▶ [Action item] Copy out all the entries word for word.

▶ [Provided material]

lemma pairing_error_dual_tail:
  assumes S: "Schauder_seq_space L N" and S': "Schauder_seq_space (dual_seq L N) (dual_norm L N)"
    and d: "d \<in> dual_seq L N" and e: "e \<in> L" and s: "(\<lambda>i. d i * e i) sums s"
  shows "\<bar>s - (\<Sum>i<n. d i * e i)\<bar> \<le> dual_norm L N (seq_tail n d) * N e"
  using dual_pairing(2)[OF S seq_tail_in_Schauder[OF S' d] e]
  by (simp add: sums_unique[OF pairing_tail_sums(1)[OF s], symmetric])

lemma pairing_error_tail:
  assumes S: "Schauder_seq_space L N"
    and d: "d \<in> dual_seq L N" and e: "e \<in> L" and s: "(\<lambda>i. d i * e i) sums s"
  shows "\<bar>s - (\<Sum>i<n. d i * e i)\<bar> \<le> dual_norm L N d * N (seq_tail n e)"
  using dual_pairing(2)[OF S d seq_tail_in_Schauder[OF S e]]
  by (simp add: sums_unique[OF pairing_tail_sums(2)[OF s], symmetric])

subsection \<open>Error estimates for partial sums of the expansions\<close>

lemma expansion_from_error_bound:
  fixes u :: "nat \<Rightarrow> 'v::real_normed_vector"
  assumes S: "Schauder_seq_space L N" and c: "c \<in> L"
    and err: "\<And>n. norm ((\<Sum>i<n. c i *\<^sub>R u i) - v) \<le> B * N (seq_tail n c)"
  shows "norm v \<le> B * N c" and "(\<lambda>i. c i *\<^sub>R u i) sums v"
proof -
  show "norm v \<le> B * N c" using err[of 0] by simp
  have "(\<lambda>n. (\<Sum>i<n. c i *\<^sub>R u i) - v) \<longlonglongrightarrow> 0"
    by (rule Lim_null_comparison[OF always_eventually tendsto_mult_right_zero])
      (use err seq_tail_tendsto_zero[OF S c] in auto)
  then show "(\<lambda>i. c i *\<^sub>R u i) sums v" unfolding sums_def by (rule LIM_zero_cancel)
qed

▶ [Result]
lemma pairing_error_dual_tail:
  assumes S: "Schauder_seq_space L N" and S': "Schauder_seq_space (dual_seq L N) (dual_norm L N)"
    and d: "d \<in> dual_seq L N" and e: "e \<in> L" and s: "(\<lambda>i. d i * e i) sums s"
  shows "\<bar>s - (\<Sum>i<n. d i * e i)\<bar> \<le> dual_norm L N (seq_tail n d) * N e"
  using dual_pairing(2)[OF S seq_tail_in_Schauder[OF S' d] e]
  by (simp add: sums_unique[OF pairing_tail_sums(1)[OF s], symmetric])

lemma pairing_error_tail:
  assumes S: "Schauder_seq_space L N"
    and d: "d \<in> dual_seq L N" and e: "e \<in> L" and s: "(\<lambda>i. d i * e i) sums s"
  shows "\<bar>s - (\<Sum>i<n. d i * e i)\<bar> \<le> dual_norm L N d * N (seq_tail n e)"
  using dual_pairing(2)[OF S d seq_tail_in_Schauder[OF S e]]
  by (simp add: sums_unique[OF pairing_tail_sums(2)[OF s], symmetric])

subsection \<open>Error estimates for partial sums of the expansions\<close>

lemma expansion_from_error_bound:
  fixes u :: "nat \<Rightarrow> 'v::real_normed_vector"
  assumes S: "Schauder_seq_space L N" and c: "c \<in> L"
    and err: "\<And>n. norm ((\<Sum>i<n. c i *\<^sub>R u i) - v) \<le> B * N (seq_tail n c)"
  shows "norm v \<le> B * N c" and "(\<lambda>i. c i *\<^sub>R u i) sums v"
proof -
  show "norm v \<le> B * N c" using err[of 0] by simp
  have "(\<lambda>n. (\<Sum>i<n. c i *\<^sub>R u i) - v) \<longlonglongrightarrow> 0"
    by (rule Lim_null_comparison[OF always_eventually tendsto_mult_right_zero])
      (use err seq_tail_tendsto_zero[OF S c] in auto)
  then show "(\<lambda>i. c i *\<^sub>R u i) sums v" unfolding sums_def by (rule LIM_zero_cancel)
qed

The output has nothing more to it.